**THE TASK**
Which lines of the data below include the string "mathbb"? Return each of them.

Stored records:

(* Assume that $\theta_n>0$ for all $n$ and that \[ \lim_{n\to\infty}\sum_{j=1}^{n-1}\frac{\theta_j\theta_{n-j}}{\theta_n}=0. \] Then $\lim_{n\to\infty}\mathbb{P}_n(L_1=n)=1$. Consequently $\mathbb{P}_n(K=1)\to1$ and $\mathbb{P}_n(R_j=0)\to1$ for every fixed $j$.
   Context: For $\sigma\in\mathcal{S}_n$ (permutations of $\{1,\dots,n\}$), $R_j(\sigma)$ is the number of cycles of length $j$, $L_1(\sigma)$ the length of the cycle containing $1$, and $K(\sigma)=\sum_jR_j(\sigma)$ the number of cycles. Given parameters $\theta_j\ge0$, $h_0=1$, $h_n=\frac1{n!}\sum_{\sigma\in\mathcal{S}_n}\prod_{j}\theta_j^{R_j(\sigma)}$, and $\mathbb{P}_n(\sigma)=\frac1{n!h_n}\prod_j\theta_j^{R_j(\sigma)}$. *)

theory Defs
  imports "HOL-Analysis.Analysis" "HOL-Combinatorics.Permutations"
begin

definition perms :: "nat \<Rightarrow> (nat \<Rightarrow> nat) set" where
  "perms n = {\<sigma>. \<sigma> permutes {1..n}}"

definition cycle_of :: "(nat \<Rightarrow> nat) \<Rightarrow> nat \<Rightarrow> nat set" where
  "cycle_of \<sigma> x = {(\<sigma> ^^ k) x | k. True}"

definition cycles_of :: "nat \<Rightarrow> (nat \<Rightarrow> nat) \<Rightarrow> nat set set" where
  "cycles_of n \<sigma> = cycle_of \<sigma> ` {1..n}"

**RESULT FOR THIS TASK**
(* Assume that $\theta_n>0$ for all $n$ and that \[ \lim_{n\to\infty}\sum_{j=1}^{n-1}\frac{\theta_j\theta_{n-j}}{\theta_n}=0. \] Then $\lim_{n\to\infty}\mathbb{P}_n(L_1=n)=1$. Consequently $\mathbb{P}_n(K=1)\to1$ and $\mathbb{P}_n(R_j=0)\to1$ for every fixed $j$.
   Context: For $\sigma\in\mathcal{S}_n$ (permutations of $\{1,\dots,n\}$), $R_j(\sigma)$ is the number of cycles of length $j$, $L_1(\sigma)$ the length of the cycle containing $1$, and $K(\sigma)=\sum_jR_j(\sigma)$ the number of cycles. Given parameters $\theta_j\ge0$, $h_0=1$, $h_n=\frac1{n!}\sum_{\sigma\in\mathcal{S}_n}\prod_{j}\theta_j^{R_j(\sigma)}$, and $\mathbb{P}_n(\sigma)=\frac1{n!h_n}\prod_j\theta_j^{R_j(\sigma)}$. *)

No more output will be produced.